But is perhaps missing the biggest nail of all.
I’ve been enjoying Marc Andreessen’s blogging since he started. Always well written, often insightful, and tapping a wealth of Internet and entrepreneurial experience, his posts are at the top of my reading list.
One of his latest maps out the power of platforms, especially as they apply to the Internet.
A few quotes:
Let’s start with a basic definition. From a previous post:
A “platform” is a system that can be programmed and therefore customized by outside developers — users — and in that way, adapted to countless needs and niches that the platform’s original developers could not have possibly contemplated, much less had time to accommodate.
The key term in the definition of platform is “programmed”. If you can program it, then it’s a platform. If you can’t, then it’s not.
Nice and clear. Marc then goes on to talk about three different levels of platforms [edits for brevity]:
Level 1 is what I call an “Access API”.
This is the kind of Internet platform that is most common today. This is typically a platform provided in the form of a web services API — which will typically be accessed using an access protocol such as REST or SOAP.
Architecturally, the key thing to understand about this kind of platform is that the developer’s application code lives outside the platform — the code executes somewhere else, on a server elsewhere on the Internet that is provided by the developer. The application calls the web services API over the Internet to access data and services provided by the platform — by the core system — and then the application does its thing, on its own. That’s why I call this an “Access API” — the key point is that the API is accessed from outside the core system.
Level 2 is what I call a “Plug-In API”.
This is the kind of platform approach that historically has been used in end-user applications to let developers build new functions that can be injected, or “plug in”, to the core system and its user interface.
Level 3 is what I call a “Runtime Environment”.
In a Level 3 platform, the huge difference is that the third-party application code actually runs inside the platform — developer code is uploaded and runs online, inside the core system. For this reason, in casual conversation I refer to Level 3 platforms as “online platforms”. Let me explain.
- A Level 1 platform’s apps run elsewhere, and call into the platform via a web services API to draw on data and services — this is how Flickr does it.

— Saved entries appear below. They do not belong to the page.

section \<open>The Hahn--Banach and Mazur--Orlicz theorems\<close>

locale sublinear_shift = function_subspace U for U :: "('i \<Rightarrow> real) set" +
  fixes p :: "('i \<Rightarrow> real) \<Rightarrow> real" and K :: "('i \<Rightarrow> real) set"
    and \<phi> :: "('i \<Rightarrow> real) \<Rightarrow> real"
  assumes sublinear: "sublinear_on U p"
    and cone_subset: "K \<subseteq> U"
    and zero_cone: "(\<lambda>_. 0) \<in> K"
    and add_cone: "c \<in> K \<Longrightarrow> d \<in> K \<Longrightarrow> (\<lambda>i. c i + d i) \<in> K"
    and scale_cone: "c \<in> K \<Longrightarrow> 0 < s \<Longrightarrow> (\<lambda>i. s * c i) \<in> K"
    and superadditive: "c \<in> K \<Longrightarrow> d \<in> K \<Longrightarrow> \<phi> c + \<phi> d \<le> \<phi> (\<lambda>i. c i + d i)"
    and homogeneous: "c \<in> K \<Longrightarrow> 0 < s \<Longrightarrow> \<phi> (\<lambda>i. s * c i) = s * \<phi> c"
    and minorant: "c \<in> K \<Longrightarrow> \<phi> c \<le> p c"
begin

definition shift_inf :: "('i \<Rightarrow> real) \<Rightarrow> real" where
  "shift_inf h = (INF c\<in>K. p (\<lambda>i. h i + c i) - \<phi> c)"

lemma phi_zero: "\<phi> (\<lambda>_. 0) = 0"
  using homogeneous[OF zero_cone, of 2] by simp

lemma shift_inf_lower_bound:
  assumes "h \<in> U" "c \<in> K"
  shows "- p (\<lambda>i. - h i) \<le> p (\<lambda>i. h i + c i) - \<phi> c"
proof -
  have "c \<in> U" using assms(2) cone_subset by blast
  have "p (\<lambda>i. (h i + c i) + - h i) \<le> p (\<lambda>i. h i + c i) + p (\<lambda>i. - h i)"
    by (rule sublinear_on_add[OF sublinear add_closed[OF \<open>h \<in> U\<close> \<open>c \<in> U\<close>] uminus_closed[OF \<open>h \<in> U\<close>]])
  then show ?thesis using minorant[OF \<open>c \<in> K\<close>] by simp
qed

lemma shift_inf_le: "h \<in> U \<Longrightarrow> c \<in> K \<Longrightarrow> shift_inf h \<le> p (\<lambda>i. h i + c i) - \<phi> c"
  unfolding shift_inf_def by (rule cINF_lower[OF bdd_belowI2[OF shift_inf_lower_bound]])

lemma shift_inf_greatest:
  "(\<And>c. c \<in> K \<Longrightarrow> y \<le> p (\<lambda>i. h i + c i) - \<phi> c) \<Longrightarrow> y \<le> shift_inf h"
  unfolding shift_inf_def using zero_cone by (intro cINF_greatest) auto

lemma shift_inf_le_self: "h \<in> U \<Longrightarrow> shift_inf h \<le> p h"
  using shift_inf_le[OF _ zero_cone] phi_zero by simp

lemma shift_inf_uminus:
  assumes "c \<in> K"
  shows "shift_inf (\<lambda>i. - c i) \<le> - \<phi> c"
proof -
  have "shift_inf (\<lambda>i. - c i) \<le> p (\<lambda>i. - c i + c i) - \<phi> c"
    using shift_inf_le[OF uminus_closed assms] assms cone_subset by blast
  then show ?thesis using sublinear_on_zero[OF sublinear] by simp
qed

lemma shift_inf_add:
  assumes "h1 \<in> U" "h2 \<in> U"
  shows "shift_inf (\<lambda>i. h1 i + h2 i) \<le> shift_inf h1 + shift_inf h2"
proof -
  have split: "shift_inf (\<lambda>i. h1 i + h2 i)
      \<le> (p (\<lambda>i. h1 i + c1 i) - \<phi> c1) + (p (\<lambda>i. h2 i + c2 i) - \<phi> c2)"
    if "c1 \<in> K" "c2 \<in> K" for c1 c2
  proof -
    have c: "c1 \<in> U" "c2 \<in> U" using that cone_subset by blast+
    have "shift_inf (\<lambda>i. h1 i + h2 i)
        \<le> p (\<lambda>i. (h1 i + h2 i) + (c1 i + c2 i)) - \<phi> (\<lambda>i. c1 i + c2 i)"
      by (rule shift_inf_le[OF add_closed[OF assms] add_cone[OF that]])
    also have "(\<lambda>i. (h1 i + h2 i) + (c1 i + c2 i)) = (\<lambda>i. (h1 i + c1 i) + (h2 i + c2 i))"
      by (simp add: algebra_simps)
    also have "p \<dots> \<le> p (\<lambda>i. h1 i + c1 i) + p (\<lambda>i. h2 i + c2 i)"
      by (rule sublinear_on_add[OF sublinear add_closed[OF assms(1) c(1)] add_closed[OF assms(2) c(2)]])
    finally show ?thesis using superadditive[OF that] by linarith
  qed
  have "shift_inf (\<lambda>i. h1 i + h2 i) - (p (\<lambda>i. h2 i + c2 i) - \<phi> c2) \<le> shift_inf h1"
    if "c2 \<in> K" for c2
  proof (rule shift_inf_greatest)
    fix c1 assume "c1 \<in> K"
    with split[OF this that] show "shift_inf (\<lambda>i. h1 i + h2 i) - (p (\<lambda>i. h2 i + c2 i) - \<phi> c2)
        \<le> p (\<lambda>i. h1 i + c1 i) - \<phi> c1"
      by linarith
  qed
  then have "shift_inf (\<lambda>i. h1 i + h2 i) - shift_inf h1 \<le> shift_inf h2"
    by (intro shift_inf_greatest) (simp add: algebra_simps)
  then show ?thesis by simp
qed

lemma shift_inf_scale_le:
  assumes "0 < s" "h \<in> U"
  shows "shift_inf (\<lambda>i. s * h i) \<le> s * shift_inf h"
proof -
  have "shift_inf (\<lambda>i. s * h i) / s \<le> shift_inf h"
  proof (rule shift_inf_greatest)
    fix c assume "c \<in> K"
    then have "c \<in> U" using cone_subset by blast
    have "shift_inf (\<lambda>i. s * h i) \<le> p (\<lambda>i. s * h i + s * c i) - \<phi> (\<lambda>i. s * c i)"
      by (rule shift_inf_le[OF scale_closed[OF assms(2)] scale_cone[OF \<open>c \<in> K\<close> assms(1)]])
    also have "(\<lambda>i. s * h i + s * c i) = (\<lambda>i. s * (h i + c i))"
      by (simp add: algebra_simps)
    also have "p \<dots> = s * p (\<lambda>i. h i + c i)"
      using sublinear_on_scale[OF sublinear add_closed[OF assms(2) \<open>c \<in> U\<close>]] assms(1) by simp
    also have "\<phi> (\<lambda>i. s * c i) = s * \<phi> c"
      by (rule homogeneous[OF \<open>c \<in> K\<close> assms(1)])
    finally show "shift_inf (\<lambda>i. s * h i) / s \<le> p (\<lambda>i. h i + c i) - \<phi> c"
      using assms(1) by (simp add: field_simps)
  qed
  then show ?thesis using assms(1) by (simp add: field_simps)
qed

lemma sublinear_shift_inf: "sublinear_on U shift_inf"
  by (rule sublinear_onI[OF shift_inf_add shift_inf_scale_le])

end

context function_subspace
begin

lemma minimal_sublinear_on_uminus:
  assumes m: "sublinear_on U m"
    and minimal: "\<And>r. sublinear_on U r \<Longrightarrow> \<forall>h\<in>U. r h \<le> m h \<Longrightarrow> \<forall>h\<in>U. r h = m h"
    and "a \<in> U"
  shows "m (\<lambda>i. - a i) = - m a"
proof -
  \<comment> \<open>Shifting \<open>m\<close> along the ray through \<open>a\<close> gives a sublinear functional below \<open>m\<close>, so equal to it;
    at \<open>-a\<close> this yields \<open>m(-a) \<le> -m(a)\<close>.\<close>
  define ray where "ray = {(\<lambda>i. t * a i) | t. 0 \<le> t}"
  have m_ray: "m (\<lambda>i. t * a i) = t * m a" if "0 \<le> t" for t
    using sublinear_on_scale[OF m \<open>a \<in> U\<close> that] .
  interpret ray: sublinear_shift U m ray m
  proof unfold_locales
    show "(\<lambda>i. c i + d i) \<in> ray" "m c + m d \<le> m (\<lambda>i. c i + d i)" if "c \<in> ray" "d \<in> ray" for c d
    proof -
      from that obtain t u where tu: "0 \<le> t" "0 \<le> u" and "c = (\<lambda>i. t * a i)" "d = (\<lambda>i. u * a i)"
        by (auto simp: ray_def)
      then have cd: "(\<lambda>i. c i + d i) = (\<lambda>i. (t + u) * a i)"
        by (simp add: algebra_simps)
      show "(\<lambda>i. c i + d i) \<in> ray" unfolding cd ray_def using tu by force
      have "m c = t * m a" "m d = u * m a" "m (\<lambda>i. c i + d i) = (t + u) * m a"
        unfolding cd using m_ray tu \<open>c = _\<close> \<open>d = _\<close> by simp_all
      then show "m c + m d \<le> m (\<lambda>i. c i + d i)" by (simp add: distrib_right)
    qed
    show "(\<lambda>i. s * c i) \<in> ray" "m (\<lambda>i. s * c i) = s * m c" if "c \<in> ray" "0 < s" for c s
    proof -
      from that obtain t where "0 \<le> t" "c = (\<lambda>i. t * a i)" by (auto simp: ray_def)
      moreover have "(\<lambda>i. s * (t * a i)) = (\<lambda>i. (s * t) * a i)" by (simp add: algebra_simps)
      ultimately show "(\<lambda>i. s * c i) \<in> ray" "m (\<lambda>i. s * c i) = s * m c"
        using m_ray \<open>0 < s\<close> by (auto simp: ray_def)
    qed
  qed (use m \<open>a \<in> U\<close> scale_closed in \<open>auto simp: ray_def intro: exI[of _ 0]\<close>)
  have "\<forall>h\<in>U. ray.shift_inf h = m h"
    using minimal ray.sublinear_shift_inf ray.shift_inf_le_self by blast
  moreover have "ray.shift_inf (\<lambda>i. - a i) \<le> - m a"
    using ray.shift_inf_uminus[of a] by (force simp: ray_def)
  ultimately have "m (\<lambda>i. - a i) \<le> - m a" using uminus_closed[OF \<open>a \<in> U\<close>] by simp
  then show ?thesis using sublinear_on_uminus[OF m \<open>a \<in> U\<close>] by linarith
qed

- A Level 2 platform’s apps run elsewhere, but inject functionality into the platform via a plug-in API — this is how Facebook does it. Most likely, a Level 2 platform’s apps also call into the platform via a web services API to draw on data and services.
- A Level 3 platform’s apps run inside the platform itself — the platform provides the “runtime environment” within which the app’s code runs.
Put in plain English? A Level 3 platform’s developers upload their code into the platform itself, which is where that code runs. As a developer on a Level 3 platform, you don’t need your own servers, your own storage, your own database, your own bandwidth, nothing… in fact, often, all you will really need is a browser. The platform itself handles everything required to run your application on your behalf.
This is a nice breakdown. Marc has lots of great examples to clarify what he’s talking about, and it is cool to see that what we are trying to do at SwitchBook is a create a Level 3 platform for search built around the idea of a Search Document as the means of managing user input and tracking partial results for complex searches.
Yet, I also think Marc is missing out on the most powerful platform of all: platforms that are completed distributed and designed to run on other peoples platforms. This “Level 4” Platform is something Marc is intimately familiar with. After all, the Mosaic browser he wrote and browser vendor Netscape were at the core of taking the World Wide Web to mainstream success. Clearly, the web is programmable by users. It is a platform. But what makes it so absolutely amazing is that as a platform, it handles none of your application for you, but defines services and protocols so that any number of vendors can provide a specific hosting solution that is 100% interoperable with the rest of the platform. Level 4 platforms spawn other platforms and assimilate existing applications. They are incredibly powerful and even harder to build than the others Marc spoke about.
Vendor Relationship Managment (VRM) is working to create a Level 4 platform that turns CRM upside down, providing tools for individuals to manage their relationships with vendors. As such, we aren’t attempting to build one particular application, we are building a framework for which any number of service providers could offer applications and hosting platforms. It’s not a small challenge, but we think its the right way to do it.
I’m curious how Marc would look at the idea of Level 4 platforms.